Bacteriocinogenic anti-listerial properties and safety assessment of Enterococcus faecium and Lactococcus garvieae strains isolated from Brazilian artisanal cheesemaking environment.

AIMS: This study aimed to prospect and isolate lactic acid bacteria (LAB) from an artisanal cheese production environment, to assess their safety, and to explore their bacteriocinogenic potential against Listeria monocytogenes. METHODS AND RESULTS: Samples were collected from surfaces of an artisanal-cheese production facility and after rep-PCR and 16S rRNA sequencing analysis, selected strains were identified as to be belonging to Lactococcus garvieae (1 strain) and Enterococcus faecium (14 isolates, grouped into three clusters) associated with different environments (worktables, cheese mold, ripening wooden shelves).

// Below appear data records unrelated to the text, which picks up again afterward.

lemma sum_square_split:
  fixes f :: "'a \<Rightarrow> 'a \<Rightarrow> 'b::comm_monoid_add"
  assumes "finite A" "B \<subseteq> A"
  shows "(\<Sum>a\<in>A. \<Sum>b\<in>A. f a b) = (\<Sum>a\<in>A-B. \<Sum>b\<in>A-B. f a b)
           + (\<Sum>x\<in>A-B. \<Sum>p\<in>B. f p x + f x p) + (\<Sum>p\<in>B. \<Sum>q\<in>B. f p q)"
proof -
  have split: "(\<Sum>a\<in>A. g a) = (\<Sum>a\<in>A-B. g a) + (\<Sum>a\<in>B. g a)" for g :: "'a \<Rightarrow> 'b"
    using assms by (metis sum.subset_diff)
  have "(\<Sum>a\<in>A. \<Sum>b\<in>A. f a b) = (\<Sum>a\<in>A. (\<Sum>b\<in>A-B. f a b) + (\<Sum>b\<in>B. f a b))"
    by (rule sum.cong[OF refl], rule split)
  also have "\<dots> = (\<Sum>a\<in>A-B. (\<Sum>b\<in>A-B. f a b) + (\<Sum>b\<in>B. f a b))
                  + (\<Sum>a\<in>B. (\<Sum>b\<in>A-B. f a b) + (\<Sum>b\<in>B. f a b))"
    by (rule split)
  also have "\<dots> = (\<Sum>a\<in>A-B. \<Sum>b\<in>A-B. f a b) + ((\<Sum>a\<in>A-B. \<Sum>b\<in>B. f a b) + (\<Sum>a\<in>B. \<Sum>b\<in>A-B. f a b))
                  + (\<Sum>a\<in>B. \<Sum>b\<in>B. f a b)"
    by (simp add: sum.distrib ac_simps)
  also have "(\<Sum>a\<in>A-B. \<Sum>b\<in>B. f a b) + (\<Sum>a\<in>B. \<Sum>b\<in>A-B. f a b) = (\<Sum>x\<in>A-B. \<Sum>p\<in>B. f p x + f x p)"
    by (simp add: sum.distrib sum.swap[of _ B] add.commute)
  finally show ?thesis .
qed

lemma link_count_split:
  assumes "finite A" "B \<subseteq> A"
  shows "link_count A t h = link_count (A - B) t h + (\<Sum>x\<in>A - B. \<Sum>p\<in>B. pair_link t h p x) + link_count B t h"
  unfolding link_count_def pair_link_def using sum_square_split[OF assms] .

lemma link_count_cong:
  "(\<And>a. a \<in> A \<Longrightarrow> t a = t' a \<and> h a = h' a) \<Longrightarrow> link_count A t h = link_count A t' h'"
  unfolding link_count_def by (intro sum.cong refl) auto

lemma link_count_strict_mono:
  "strict_mono g \<Longrightarrow> link_count A (g \<circ> t) (g \<circ> h) = link_count A t h"
  unfolding link_count_def opp_link_def by (simp add: strict_mono_less)

lemma link_count_singleton [simp]: "link_count {a} t h = 0"
  unfolding link_count_def by simp

lemma link_count_doubleton: "a \<noteq> b \<Longrightarrow> link_count {a, b} t h = pair_link t h a b"
  unfolding link_count_def pair_link_def by simp

lemma link_count_local_change:
  assumes "finite A" "B \<subseteq> A"
    and "\<And>x. x \<in> A - B \<Longrightarrow> t' x = t x \<and> h' x = h x"
    and "\<And>x p. x \<in> A - B \<Longrightarrow> p \<in> B \<Longrightarrow> pair_link t' h' p x = pair_link t h p x"
  shows "link_count A t' h' + link_count B t h = link_count A t h + link_count B t' h'"
proof -
  have "link_count (A - B) t' h' = link_count (A - B) t h" using assms(3) by (rule link_count_cong)
  moreover have "(\<Sum>x\<in>A - B. \<Sum>p\<in>B. pair_link t' h' p x) = (\<Sum>x\<in>A - B. \<Sum>p\<in>B. pair_link t h p x)"
    using assms(4) by simp
  ultimately show ?thesis
    using link_count_split[OF assms(1,2), of t h] link_count_split[OF assms(1,2), of t' h'] by simp
qed
(* Let $h\in\mathbb N$ and let $F$ be an $h$-flipclass of $\mathfrak S_n$; let $e=|E(F)|$. Then there exists an $h$-flipclass $F'$ of $\mathfrak S_e$ that is isomorphic to $F$. In particular, if $F$ is irreducible, such an $F'$ may be found in $\mathfrak S_{h+1}$.
   Context: $\mathfrak S_n$ is the symmetric group on $[n]$, $T$ its transpositions, $\ell$ the length w.r.t. simple transpositions. The Bruhat graph $B(\mathfrak S_n)$ has an edge $x\xrightarrow{t}y$ iff $yx^{-1}=t\in T$ and $\ell(x)<\ell(y)$. $P_h(u,v)$ is the set of paths $u=x_0\to\cdots\to x_h=v$ of length $h$. Between two fixed vertices there are $0$ or $2$ paths of length $2$; each is the flip of the other. The $i$-th flip operator $f_i$ ($i\in[h-1]$) on $P_h(u,v)$ replaces $x_{i-1}\to x_i\to x_{i+1}$ by its flip; an $h$-flipclass of $\mathfrak S_n$ is an orbit of $\langle f_1,\dots,f_{h-1}\rangle$ on some $P_h(u,v)$. For a path $\Gamma$ with edge labels $t_1,\dots,t_h$, $G(\Gamma)$ is the undirected multigraph whose vertex set is $\{a\in[n]: t_i(a)\ne a \text{ for some } i\}$ with an edge (labelled $i$) between $a$ and $b$ whenever $t_i=(a,b)$. For a flipclass $F$, $E(F)$ denotes the vertex set of $G(\Gamma)$ for any $\Gamma\in F$ (it does not depend on $\Gamma$), and $F$ is irreducible if $G(\Gamma)$ is connected for $\Gamma\in F$ (again independent of $\Gamma$). Isomorphism: for an $h$-flipclass $F$ of $\mathfrak S_n$ and an $h$-flipclass $F'$ of $\mathfrak S_m$, an isomorphism from $F$ to $F'$ is a pair $(f,g)$ where $f$ is a bijection from the set of permutations occurring on paths of $F$ onto the set of permutations occurring on paths of $F'$ such that applying $f$ vertexwise gives a bijection $F\to F'$ commuting with the flip operators $f_i$; $g$ is a bijection from the set of transpositions labelling edges of paths of $F$ onto the corresponding set for $F'$, such that whenever $\Gamma\in F$ has label sequence $(t_1,\dots,t_h)$, its image has label sequence $(g(t_1),\dots,g(t_h))$; and $g$ is order-preserving for the lexicographic orders on transpositions (writing transpositions as $(a,b)$ with $a<b$, $(a,b)<(c,d)$ iff $a<c$, or $a=c$ and $b<d$). *)

theory Defs
  imports "HOL-Combinatorics.Permutations"
begin

text \<open>Permutations of [n] = {1..n} are functions nat => nat permuting {1..n}.
  Products are compositions of functions: (x y)(a) = x (y a).\<close>

definition simple_transps :: "nat \<Rightarrow> (nat \<Rightarrow> nat) set" where
  "simple_transps n = {transpose i (Suc i) | i. 1 \<le> i \<and> Suc i \<le> n}"

definition len :: "nat \<Rightarrow> (nat \<Rightarrow> nat) \<Rightarrow> nat" where
  "len n x = (LEAST k. \<exists>ws. length ws = k \<and> set ws \<subseteq> simple_transps n \<and> foldr (\<circ>) ws id = x)"

definition is_transp :: "(nat \<Rightarrow> nat) \<Rightarrow> bool" where
  "is_transp t \<longleftrightarrow> (\<exists>a b. a \<noteq> b \<and> t = transpose a b)"

definition bedge :: "nat \<Rightarrow> (nat \<Rightarrow> nat) \<Rightarrow> (nat \<Rightarrow> nat) \<Rightarrow> bool" where
  "bedge n x y \<longleftrightarrow> x permutes {1..n} \<and> y permutes {1..n} \<and>
     is_transp (y \<circ> inv x) \<and> len n x < len n y"

definition paths :: "nat \<Rightarrow> nat \<Rightarrow> (nat \<Rightarrow> nat) \<Rightarrow> (nat \<Rightarrow> nat) \<Rightarrow> (nat \<Rightarrow> nat) list set" where
  "paths n h u v = {p. length p = Suc h \<and> hd p = u \<and> last p = v \<and>
     (\<forall>i<h. bedge n (p ! i) (p ! Suc i))}"

definition labels :: "(nat \<Rightarrow> nat) list \<Rightarrow> (nat \<Rightarrow> nat) list" where
  "labels p = map (\<lambda>i. p ! Suc i \<circ> inv (p ! i)) [0..<length p - 1]"

definition flip_vertex :: "nat \<Rightarrow> (nat \<Rightarrow> nat) \<Rightarrow> (nat \<Rightarrow> nat) \<Rightarrow> (nat \<Rightarrow> nat) \<Rightarrow> (nat \<Rightarrow> nat)" where
  "flip_vertex n a b c = (THE b'. b' \<noteq> b \<and> bedge n a b' \<and> bedge n b' c)"

definition flip_op :: "nat \<Rightarrow> nat \<Rightarrow> (nat \<Rightarrow> nat) list \<Rightarrow> (nat \<Rightarrow> nat) list" where
  "flip_op n i p = p[i := flip_vertex n (p ! (i - 1)) (p ! i) (p ! Suc i)]"

definition flip_steps :: "nat \<Rightarrow> nat \<Rightarrow> (nat \<Rightarrow> nat) \<Rightarrow> (nat \<Rightarrow> nat) \<Rightarrow>
    ((nat \<Rightarrow> nat) list \<times> (nat \<Rightarrow> nat) list) set" where
  "flip_steps n h u v = {(p, q). p \<in> paths n h u v \<and> (\<exists>i. 1 \<le> i \<and> i < h \<and> q = flip_op n i p)}"

text \<open>h-flipclass of S_n: orbit of the group generated by f_1..f_{h-1} on some P_h(u,v).\<close>
definition flipclass :: "nat \<Rightarrow> nat \<Rightarrow> (nat \<Rightarrow> nat) list set \<Rightarrow> bool" where
  "flipclass n h F \<longleftrightarrow> (\<exists>u v p. p \<in> paths n h u v \<and>
     F = {q. (p, q) \<in> (flip_steps n h u v \<union> (flip_steps n h u v)\<inverse>)\<^sup>*})"

text \<open>Vertex set of G(Gamma), and E(F) = that set for (any) Gamma in F.\<close>
definition Gverts :: "(nat \<Rightarrow> nat) list \<Rightarrow> nat set" where
  "Gverts p = {a. \<exists>t \<in> set (labels p). t a \<noteq> a}"

definition EF :: "(nat \<Rightarrow> nat) list set \<Rightarrow> nat set" where
  "EF F = Gverts (SOME p. p \<in> F)"

definition Gconnected :: "(nat \<Rightarrow> nat) list \<Rightarrow> bool" where
  "Gconnected p \<longleftrightarrow> (\<forall>a \<in> Gverts p. \<forall>b \<in> Gverts p.
     (a, b) \<in> {(x, y). x \<noteq> y \<and> transpose x y \<in> set (labels p)}\<^sup>*)"

definition irreducible_fc :: "(nat \<Rightarrow> nat) list set \<Rightarrow> bool" where
  "irreducible_fc F \<longleftrightarrow> (\<exists>p \<in> F. Gconnected p)"

definition fc_verts :: "(nat \<Rightarrow> nat) list set \<Rightarrow> (nat \<Rightarrow> nat) set" where
  "fc_verts F = (\<Union>p \<in> F. set p)"

definition fc_labels :: "(nat \<Rightarrow> nat) list set \<Rightarrow> (nat \<Rightarrow> nat) set" where
  "fc_labels F = (\<Union>p \<in> F. set (labels p))"

definition tpair :: "(nat \<Rightarrow> nat) \<Rightarrow> nat \<times> nat" where
  "tpair t = (Min {a. t a \<noteq> a}, Max {a. t a \<noteq> a})"

definition tlex_less :: "(nat \<Rightarrow> nat) \<Rightarrow> (nat \<Rightarrow> nat) \<Rightarrow> bool" where
  "tlex_less t s \<longleftrightarrow> fst (tpair t) < fst (tpair s) \<or>
     (fst (tpair t) = fst (tpair s) \<and> snd (tpair t) < snd (tpair s))"

definition fc_iso :: "nat \<Rightarrow> nat \<Rightarrow> nat \<Rightarrow> (nat \<Rightarrow> nat) list set \<Rightarrow> (nat \<Rightarrow> nat) list set \<Rightarrow> bool" where
  "fc_iso n m h F F' \<longleftrightarrow> (\<exists>f g.
     bij_betw f (fc_verts F) (fc_verts F') \<and>
     bij_betw (map f) F F' \<and>
     (\<forall>p \<in> F. \<forall>i. 1 \<le> i \<and> i < h \<longrightarrow> map f (flip_op n i p) = flip_op m i (map f p)) \<and>
     bij_betw g (fc_labels F) (fc_labels F') \<and>
     (\<forall>p \<in> F. labels (map f p) = map g (labels p)) \<and>
     (\<forall>t \<in> fc_labels F. \<forall>s \<in> fc_labels F. tlex_less t s \<longrightarrow> tlex_less (g t) (g s)))"

end

(*
  All vertices of a flipclass F with source u lie in the coset {sigma o u | sigma permutes E}
  for E = E(F), because every edge label is a transposition of two points of E. Replacing
  positions in u^-1(E) and values in E by their ranks maps this coset injectively into the
  permutations of {1..|E|} (and of {1..m} for every m >= |E|), and sends the edge
  x -> (a b) o x to the edge labelled (rank a, rank b). Since the Coxeter length equals the
  number of inversions, such an edge goes up exactly when x^-1 keeps a and b in order, which
  ranks preserve; so Bruhat paths are mapped to Bruhat paths and labels are relabelled in an
  order-preserving way. The two length-two paths between given endpoints are each other's
  flip, hence the relabelling commutes with the flip operators and maps F onto a flipclass.
  If F is irreducible, G(Gamma) is a connected graph on |E| vertices with at most h edges,
  so |E| <= h + 1.
*)
theory Submission
  imports Defs
begin
lemma epsT_tensor_id_bullet_emb2:
  assumes eps_mult: "\<And>a b. eps (a * b) = eps a * eps b"
  shows "epsT_tensor_id eps (bullet (emb2 D) (id_Pr Y))
           = klin (\<lambda>(x, y). kscale (eps x) (klin (prepend y) (epsT_tensor_id eps Y))) D"
proof -
  have bullet_emb2: "bullet (emb2 D) Q = klin (\<lambda>(x, y). klin (\<lambda>(x', y').
      kbilin (\<lambda>u v. basis (u, v)) (shuf [x] x') (shuf [y] y')) Q) D" for Q
    unfolding bullet_def kbilin_def emb2_def klin_klin by (rule klin_cong) auto
  have bullet_summand: "epsT_tensor_id eps (klin (\<lambda>(x', y').
        kbilin (\<lambda>u v. basis (u, v)) (shuf [x] x') (shuf [y] y')) (id_Pr Y))
      = kscale (eps x) (klin (prepend y) (epsT_tensor_id eps Y))" for x y
    unfolding epsT_tensor_id_def id_Pr_def klin_klin klin_fun_kscale[symmetric]
    by (rule klin_cong)
      (auto simp: shuf_single_left prepend_def kbilin_def klin_kscale epsT_basis_def eps_mult
                  mult.commute mult.left_commute split: list.split)
  show ?thesis
    unfolding bullet_emb2 by (subst epsT_tensor_id_def, subst klin_klin, fold epsT_tensor_id_def)
      (rule klin_cong, clarsimp simp: bullet_summand)
qed

lemma epsT_tensor_id_DeltaT_basis:
  assumes bialg: "left_counital_bialgebra phi Delta eps"
  shows "epsT_tensor_id eps (DeltaT_basis Delta l) - basis l \<in> sha_rel phi"
proof (induction l rule: induct_list012)
  case 1
  show ?case
    using sha_rel_kscale[OF sha_rel_basis_Nil, of "- 1"] by (simp add: epsT_tensor_id_def)
next
  case (2 a)
  show ?case
    using sha_rel_counit_slot[OF bialg, of "[]" "[]" a] by (simp add: epsT_tensor_id_emb2)
next
  case (3 a b l)
  let ?W = "epsT_tensor_id eps (DeltaT_basis Delta (b # l)) - basis (b # l)"
  have W: "?W \<in> sha_rel phi" by (rule "3.IH"(2))
  show ?case
  proof (cases "a = 1")
    case True
    then have "epsT_tensor_id eps (DeltaT_basis Delta (a # b # l)) - basis (a # b # l)
        = klin (prepend 1) ?W"
      by (simp add: epsT_tensor_id_id_Pr klin_diff prepend_def)
    then show ?thesis using sha_rel_klin_prepend[OF W] by simp
  next
    case False
    from bialg have eps_mult: "\<And>a b. eps (a * b) = eps a * eps b"
      unfolding left_counital_bialgebra_def by blast
    have "klin (prepend y) (epsT_tensor_id eps (DeltaT_basis Delta (b # l)))
        = klin (prepend y) ?W + basis (y # b # l)" for y
      by (simp add: klin_diff prepend_def)
    then have "epsT_tensor_id eps (DeltaT_basis Delta (a # b # l)) - basis (a # b # l)
        = klin (\<lambda>(x, y). kscale (eps x) (klin (prepend y) ?W)) (Delta a)
          + (klin (\<lambda>(x, y). kscale (eps x) (basis ([] @ y # b # l))) (Delta a)
             - basis ([] @ a # b # l))"
      using False
      by (simp add: epsT_tensor_id_bullet_emb2[OF eps_mult] kscale_add split_def klin_fun_add)
    also have "\<dots> \<in> sha_rel phi"
      using W by (intro sha_rel_add sha_rel_klin sha_rel_counit_slot[OF bialg])
        (auto intro: sha_rel_kscale sha_rel_klin_prepend)
    finally show ?thesis .
  qed
qed

theorem proposition3p7:
  fixes phi :: "'k::comm_ring_1 \<Rightarrow> 'a::comm_ring_1"
    and Delta :: "'a \<Rightarrow> ('a \<times> 'a \<Rightarrow>\<^sub>0 'k)"
    and eps :: "'a \<Rightarrow> 'k"
  assumes "left_counital_bialgebra phi Delta eps"
  shows "\<forall>u :: 'a list \<Rightarrow>\<^sub>0 'k. epsT_tensor_id eps (DeltaT Delta u) - u \<in> sha_rel phi"
proof
  fix u :: "'a list \<Rightarrow>\<^sub>0 'k"
  have "epsT_tensor_id eps (DeltaT Delta u) - u
      = klin (\<lambda>l. epsT_tensor_id eps (DeltaT_basis Delta l) - basis l) u"
    by (simp add: klin_fun_diff klin_basis_self DeltaT_def epsT_tensor_id_def klin_klin)
  also have "\<dots> \<in> sha_rel phi"
    by (rule sha_rel_klin) (rule epsT_tensor_id_DeltaT_basis[OF assms])
  finally show "epsT_tensor_id eps (DeltaT Delta u) - u \<in> sha_rel phi" .
qed

end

All of them presented bacteriocinogenic potential against L. monocytogenes ATCC 7644 and were confirmed as safe (γ-hemolytic, not presenting antibiotic resistance, no mucus degradation properties, and no proteolytic or gelatinase enzyme activity). Additionally, cell growth, acidification and bacteriocins production kinetics, bacteriocin stability in relation to different temperatures, pH, and chemicals were evaluated. According to performed PCR analysis all studied strains generated positive evidence for the presence of entA and entP genes (for production of enterocins A and enterocins P, respectively). However, pediocin PA-1 associated gene was recorded only in DNA obtained from E. faecium ST02JL and Lc. garvieae ST04JL. CONCLUSIONS: It is worth considering the application of these safe LAB or their bacteriocins in situ as an alternative means of controlling L. monocytogenes in cheese production environments, either alone or in combination with other antimicrobials.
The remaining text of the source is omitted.